Addressing Financial Challenges

The city has previously implemented several service and operations reductions to remedy financial shortfalls. These measures included freezing positions, concession bargaining with employee groups, seeking grant funding, deferring capital replacements, and bundling work to achieve economies of scale. However, these strategies alone are not sufficient to maintain the community’s current level of service​​.

Five-year financial projections presented to the City Council show that estimated expenditures for annual operational costs will outpace revenues almost immediately by FY 2024-25. Without additional revenues or service reductions, the General Fund deficit will continue to grow each year​​.

Public Statements and Support

During a May 2023 city council meeting, current Mayor Karina Quintanilla emphasized the proposed tax’s importance for the city’s long-term financial health and quality of life. “This measure is about securing Palm Desert’s future. It ensures that we can continue to provide top-notch services and amenities to our residents and visitors without compromising on safety or infrastructure,” Quintanilla stated​.

At the same meeting, Councilmember Kathleen Kelly stated, “Out of all those that we’ve looked at in study sessions, this is the least onerous because it invites our visitors to carry the hardest part of the load rather than our residents.” She also pointed out that items such as groceries and medical services “Out of all those that we’ve looked at in study sessions, this is the least onerous, because it invites our visitors to carry the hardest part of the load rather than our residents,” Kelly said. She also said that items such as groceries and medical services are exempt from California’s sales and use tax, “so in most respects, it’s not going to pinch those who are struggling most.”

City council members have highlighted the inclusive process leading to this proposal. Extensive budget outreach sessions with residents helped identify the community’s priorities, ensuring that the proposed tax aligns with public expectations and needs​​.

Implementation and Accountability

If approved by voters, the new sales tax would take effect on April 1, 2025. The city has assured that all funds generated will remain in Palm Desert, benefiting the local community directly. The measure includes provisions for public spending disclosures and audits to ensure transparency and accountability​​​​.

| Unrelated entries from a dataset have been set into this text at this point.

lemma cyl_pair_image_bot:
  assumes diag: "cyl_diagram N E tp bt" and glued: "glued_pairwise N tp bt" and "j < N"
  shows "cyl_pair N tp bt ` set (bt j) = ({..<N} - {j}) \<times> {j}"
proof
  have "set (bt j) \<subseteq> E" using diag \<open>j < N\<close> unfolding cyl_diagram_def by blast
  show "cyl_pair N tp bt ` set (bt j) \<subseteq> ({..<N} - {j}) \<times> {j}"
  proof
    fix p assume "p \<in> cyl_pair N tp bt ` set (bt j)"
    then obtain e where e: "e \<in> set (bt j)" "p = cyl_pair N tp bt e" by blast
    then obtain i where "i < N" "e \<in> set (tp i)"
      using diag \<open>set (bt j) \<subseteq> E\<close> unfolding cyl_diagram_def by blast
    moreover have "i \<noteq> j"
      using calculation e(1) glued \<open>j < N\<close> unfolding glued_pairwise_def by blast
    moreover have "p = (i, j)"
      using calculation e cyl_pair_eq_iff[OF diag _ _ \<open>j < N\<close>] \<open>set (bt j) \<subseteq> E\<close> by blast
    ultimately show "p \<in> ({..<N} - {j}) \<times> {j}" by simp
  qed
  show "({..<N} - {j}) \<times> {j} \<subseteq> cyl_pair N tp bt ` set (bt j)"
  proof
    fix p assume "p \<in> ({..<N} - {j}) \<times> {j}"
    then obtain i where "p = (i, j)" "i < N" "i \<noteq> j" by blast
    then obtain e where "e \<in> set (tp i)" "e \<in> set (bt j)"
      using glued \<open>j < N\<close> unfolding glued_pairwise_def by blast
    then have "cyl_pair N tp bt e = p"
      using cyl_pair_eq_iff[OF diag _ \<open>i < N\<close> \<open>j < N\<close>] \<open>p = (i, j)\<close> \<open>set (bt j) \<subseteq> E\<close> by blast
    then show "p \<in> cyl_pair N tp bt ` set (bt j)" using \<open>e \<in> set (bt j)\<close> by blast
  qed
qed

lemma inj_on_cyl_pair:
  assumes diag: "cyl_diagram N E tp bt" and glued: "glued_pairwise N tp bt"
    and card: "card E = N * (N - 1)"
  shows "inj_on (cyl_pair N tp bt) E"
proof (rule eq_card_imp_inj_on)
  show "finite E" using diag unfolding cyl_diagram_def by blast
  have "cyl_pair N tp bt ` E = (SIGMA i:{..<N}. {..<N} - {i})"
    using cyl_pair_image_top[OF diag glued] cyl_diagram_UN_top[OF diag]
    by (simp add: image_UN Sigma_def)
  then show "card (cyl_pair N tp bt ` E) = card E"
    using card by (simp add: card_Diff_subset)
qed

lemma card_shared_boundary:
  assumes diag: "cyl_diagram N E tp bt" and glued: "glued_pairwise N tp bt"
    and inj: "inj_on (cyl_pair N tp bt) E" and "i < N" "j < N" "i \<noteq> j"
  shows "card ((set (tp i) \<union> set (bt i)) \<inter> (set (tp j) \<union> set (bt j))) = 2"
proof -
  let ?\<kappa> = "cyl_pair N tp bt"
  define S where "S = (set (tp i) \<union> set (bt i)) \<inter> (set (tp j) \<union> set (bt j))"
  have sub: "set (tp k) \<union> set (bt k) \<subseteq> E" if "k < N" for k
    using diag that unfolding cyl_diagram_def by blast
  have "?\<kappa> ` S = (?\<kappa> ` set (tp i) \<union> ?\<kappa> ` set (bt i)) \<inter> (?\<kappa> ` set (tp j) \<union> ?\<kappa> ` set (bt j))"
    unfolding S_def using inj_on_image_Int[OF inj sub sub] assms(4,5) by (simp add: image_Un)
  also have "\<dots> = {(i, j), (j, i)}"
    using assms(4-6) by (auto simp: cyl_pair_image_top[OF diag glued] cyl_pair_image_bot[OF diag glued])
  finally have "card (?\<kappa> ` S) = 2" using \<open>i \<noteq> j\<close> by simp
  moreover have "inj_on ?\<kappa> S" using inj_on_subset[OF inj] sub[OF assms(4)] unfolding S_def by blast
  ultimately show ?thesis unfolding S_def by (simp add: card_image)
qed

lemma cyc_eq_pair:
  assumes "distinct xs" and "set xs = {u, v}" and "u \<noteq> v"
  shows "cyc_eq xs [u, v]"
proof -
  have "length xs = 2" using assms distinct_card by fastforce
  then obtain x y where xs: "xs = [x, y]"
    by (metis One_nat_def Suc_1 length_0_conv length_Suc_conv)
  then have "xs = [u, v] \<or> xs = [v, u]" using assms by (auto simp: doubleton_eq_iff)
  then show ?thesis
    unfolding cyc_eq_def by (metis rotate0 id_apply rotate_Suc rotate1.simps(2) append_Cons append_Nil)
qed

lemma three_cylinder_labelling:
  fixes E :: "'e set"
  assumes diag: "cyl_diagram 3 E tp bt" and glued: "glued_pairwise 3 tp bt" and card: "card E = 6"
  shows "\<exists>\<phi> :: 'e \<Rightarrow> nat. bij_betw \<phi> E {1..6} \<and>
    cyc_eq (map \<phi> (tp 0)) [1,2] \<and> cyc_eq (map \<phi> (bt 0)) [4,5] \<and>
    cyc_eq (map \<phi> (tp 1)) [5,3] \<and> cyc_eq (map \<phi> (bt 1)) [2,6] \<and>
    cyc_eq (map \<phi> (tp 2)) [6,4] \<and> cyc_eq (map \<phi> (bt 2)) [3,1]"
proof -
  \<comment> \<open>the label, in the stated diagram, of the saddle connection from \<open>C\<^sub>i\<close> up to \<open>C\<^sub>j\<close>\<close>
  define label :: "nat \<times> nat \<Rightarrow> nat" where
    "label p = the (map_of [((0,2),1), ((0,1),2), ((1,2),3), ((2,0),4), ((1,0),5), ((2,1),6)] p)" for p
  define \<phi> where "\<phi> = label \<circ> cyl_pair 3 tp bt"
  have lt3: "{..<3::nat} = {0, 1, 2}" by auto
  have img: "\<phi> ` set (tp 0) = {1, 2}" "\<phi> ` set (bt 0) = {4, 5}"
    "\<phi> ` set (tp 1) = {5, 3}" "\<phi> ` set (bt 1) = {2, 6}"
    "\<phi> ` set (tp 2) = {6, 4}" "\<phi> ` set (bt 2) = {3, 1}"
    unfolding \<phi>_def image_comp[symmetric]
    by (auto simp: cyl_pair_image_top[OF diag glued] cyl_pair_image_bot[OF diag glued] lt3 insert_Diff_if label_def)
  have "E = set (tp 0) \<union> set (tp 1) \<union> set (tp 2)"
    using cyl_diagram_UN_top[OF diag] by (simp add: lt3 Un_ac)
  then have "\<phi> ` E = {1, 2} \<union> {5, 3} \<union> {6, 4}" using img by (simp add: image_Un)
  also have "\<dots> = {1..6}" by auto
  finally have "\<phi> ` E = {1..6}" .
  moreover have "inj_on \<phi> E"
    using diag card \<open>\<phi> ` E = {1..6}\<close> unfolding cyl_diagram_def by (intro eq_card_imp_inj_on) auto
  ultimately have bij: "bij_betw \<phi> E {1..6}" by (simp add: bij_betw_def)
  have cyc: "cyc_eq (map \<phi> xs) [u, v]"
    if "distinct xs" "set xs \<subseteq> E" "\<phi> ` set xs = {u, v}" "u \<noteq> v" for xs u v
    using that cyc_eq_pair[of "map \<phi> xs" u v] inj_on_subset[OF \<open>inj_on \<phi> E\<close>]
    by (simp add: distinct_map)
  have "distinct (tp k) \<and> set (tp k) \<subseteq> E \<and> distinct (bt k) \<and> set (bt k) \<subseteq> E" if "k < 3" for k
    using diag that unfolding cyl_diagram_def by blast
  then show ?thesis
    using bij cyc img by (intro exI[of _ \<phi>]) simp
qed

theorem mainTheorem20:
  fixes m n :: nat and E :: "'e set" and tp bt :: "nat \<Rightarrow> 'e list"
  assumes "m + n = 4" and "m \<ge> 1" and "n \<ge> 1"
    and "cyl_diagram 3 E tp bt"
    and "realizable 3 E tp bt"
    and "diagram_connected 3 tp bt"
    and "in_stratum2 m n 3 E tp bt"
    and "core_curves_indep 3 E tp bt"
    and "\<forall>i<3. set (tp i) \<inter> set (bt i) = {}"
    and "\<forall>i<3. \<not> semi_simple tp bt i"
  shows "(\<exists>\<sigma> \<phi>. bij_betw \<sigma> {..<(3::nat)} {..<(3::nat)} \<and> bij_betw \<phi> E {1..(6::nat)} \<and>
            cyc_eq (map \<phi> (tp (\<sigma> 0))) [1,2] \<and> cyc_eq (map \<phi> (bt (\<sigma> 0))) [4,5] \<and>
            cyc_eq (map \<phi> (tp (\<sigma> 1))) [5,3] \<and> cyc_eq (map \<phi> (bt (\<sigma> 1))) [2,6] \<and>
            cyc_eq (map \<phi> (tp (\<sigma> 2))) [6,4] \<and> cyc_eq (map \<phi> (bt (\<sigma> 2))) [3,1])
         \<and> (\<forall>i<3. \<forall>j<3. i \<noteq> j \<longrightarrow>
              card ((set (tp i) \<union> set (bt i)) \<inter> (set (tp j) \<union> set (bt j))) = 2)"
proof -
  note diag = \<open>cyl_diagram 3 E tp bt\<close>
  have "card E = 6"
    using card_saddle_connections_stratum2[OF _ assms(7) assms(2,3)] assms(1) diag
    unfolding cyl_diagram_def by simp
  then have len: "length (tp i) = 2 \<and> length (bt i) = 2" if "i < 3" for i
    using boundary_lengths_eq_2[OF diag _ assms(10) that] by simp
  have glued: "glued_pairwise 3 tp bt"
    using three_cylinders_glued_pairwise[OF diag assms(8,9) len] .
  have inj: "inj_on (cyl_pair 3 tp bt) E"
    using inj_on_cyl_pair[OF diag glued] \<open>card E = 6\<close> by simp
  show ?thesis
    using three_cylinder_labelling[OF diag glued \<open>card E = 6\<close>] card_shared_boundary[OF diag glued inj]
    by (intro conjI exI[of _ id]) auto
qed

end
(* Let $X$ be a reflexive complex Banach space and let $a$ be a positive, densely defined linear operator from $X$ to $X^\ast$ with positive lower bound, i.e. $(ax,x)\ge\gamma\|x\|^2$ for all $x\in\operatorname{dom}a$, for some $\gamma>0$. Then $a$ admits a positive self-adjoint extension $A$ from $X$ to $X^\ast$ with the same lower bound, i.e. $(Ax,x)\ge\gamma\|x\|^2$ for all $x\in\operatorname{dom}A$.
   Context: $X^\ast$ denotes the conjugate dual of $X$: the space of all continuous conjugate-linear functionals on $X$; $X$ is identified with $X^{\ast\ast}$. For $v\in X^\ast$, $x\in X$ write $(v,x):=v(x)$ and $(x,v):=\overline{v(x)}$. For a densely defined linear operator $A$ from $X$ to $X^\ast$: $A$ is positive if $(Ax,x)\ge 0$ for all $x\in\operatorname{dom}A$; the adjoint $A^\ast$ is the operator from $X$ to $X^\ast$ with $\operatorname{dom}A^\ast=\{y\in X: x\mapsto (Ax,y)\text{ is continuous on }\operatorname{dom}A\}$ and $A^\ast y\in X^\ast$ determined by $(x,A^\ast y)=(Ax,y)$ for all $x\in\operatorname{dom}A$; $A$ is self-adjoint if $A=A^\ast$. *)

theory Defs
  imports "HOL-Analysis.Analysis"
begin

text \<open>A complex Banach space is modelled as a real Banach space type 'a together with a
  complex scalar multiplication sc extending the real one and compatible with the norm.\<close>

definition complex_scaling :: "(complex \<Rightarrow> 'a::real_normed_vector \<Rightarrow> 'a) \<Rightarrow> bool" where
  "complex_scaling sc \<longleftrightarrow>
     (\<forall>r x. sc (complex_of_real r) x = r *\<^sub>R x) \<and>
     (\<forall>c d x. sc (c + d) x = sc c x + sc d x) \<and>
     (\<forall>c x y. sc c (x + y) = sc c x + sc c y) \<and>
     (\<forall>c d x. sc (c * d) x = sc c (sc d x)) \<and>
     (\<forall>c x. norm (sc c x) = cmod c * norm x)"

definition conj_linear :: "(complex \<Rightarrow> 'a \<Rightarrow> 'a) \<Rightarrow> ('a::real_normed_vector \<Rightarrow> complex) \<Rightarrow> bool" where
  "conj_linear sc v \<longleftrightarrow> (\<forall>x y. v (x + y) = v x + v y) \<and> (\<forall>c x. v (sc c x) = cnj c * v x)"

definition cdual :: "(complex \<Rightarrow> 'a \<Rightarrow> 'a) \<Rightarrow> ('a::real_normed_vector \<Rightarrow> complex) set" where
  "cdual sc = {v. conj_linear sc v \<and> (\<exists>K. \<forall>x. cmod (v x) \<le> K * norm x)}"

text \<open>Reflexivity: every continuous conjugate-linear functional Phi on X* (with its operator
  norm) is given by some x in X via Phi v = (x, v) = conj (v x).\<close>

definition reflexive_space :: "(complex \<Rightarrow> 'a \<Rightarrow> 'a) \<Rightarrow> 'a::real_normed_vector itself \<Rightarrow> bool" where
  "reflexive_space sc _ \<longleftrightarrow>
     (\<forall>\<Phi> :: ('a \<Rightarrow> complex) \<Rightarrow> complex.
        (\<forall>v\<in>cdual sc. \<forall>w\<in>cdual sc. \<Phi> (\<lambda>x. v x + w x) = \<Phi> v + \<Phi> w) \<and>
        (\<forall>v\<in>cdual sc. \<forall>c. \<Phi> (\<lambda>x. c * v x) = cnj c * \<Phi> v) \<and>
        (\<exists>C. \<forall>v\<in>cdual sc. cmod (\<Phi> v) \<le> C * onorm v)
      \<longrightarrow> (\<exists>x. \<forall>v\<in>cdual sc. \<Phi> v = cnj (v x)))"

The City Council has taken steps to consolidate the municipal election with the statewide general election to streamline the process and encourage higher voter turnout. The consolidation request, along with the measure itself, will be submitted to the Riverside County Board of Supervisors and the Registrar of Voters for approval​​​​.

Those interested in learning more and/or commenting on the new tax can remotely view the June 13 city council meeting live at the city’s website: www.palmdesert.gov under the “Council Agenda” link at the top of the homepage or on the City’s YouTube Channel.

The meeting starts at Palm Desert City Hall at 4:00 p.m. Numerous agenda items are listed for consideration prior to the public hearing on the new tax.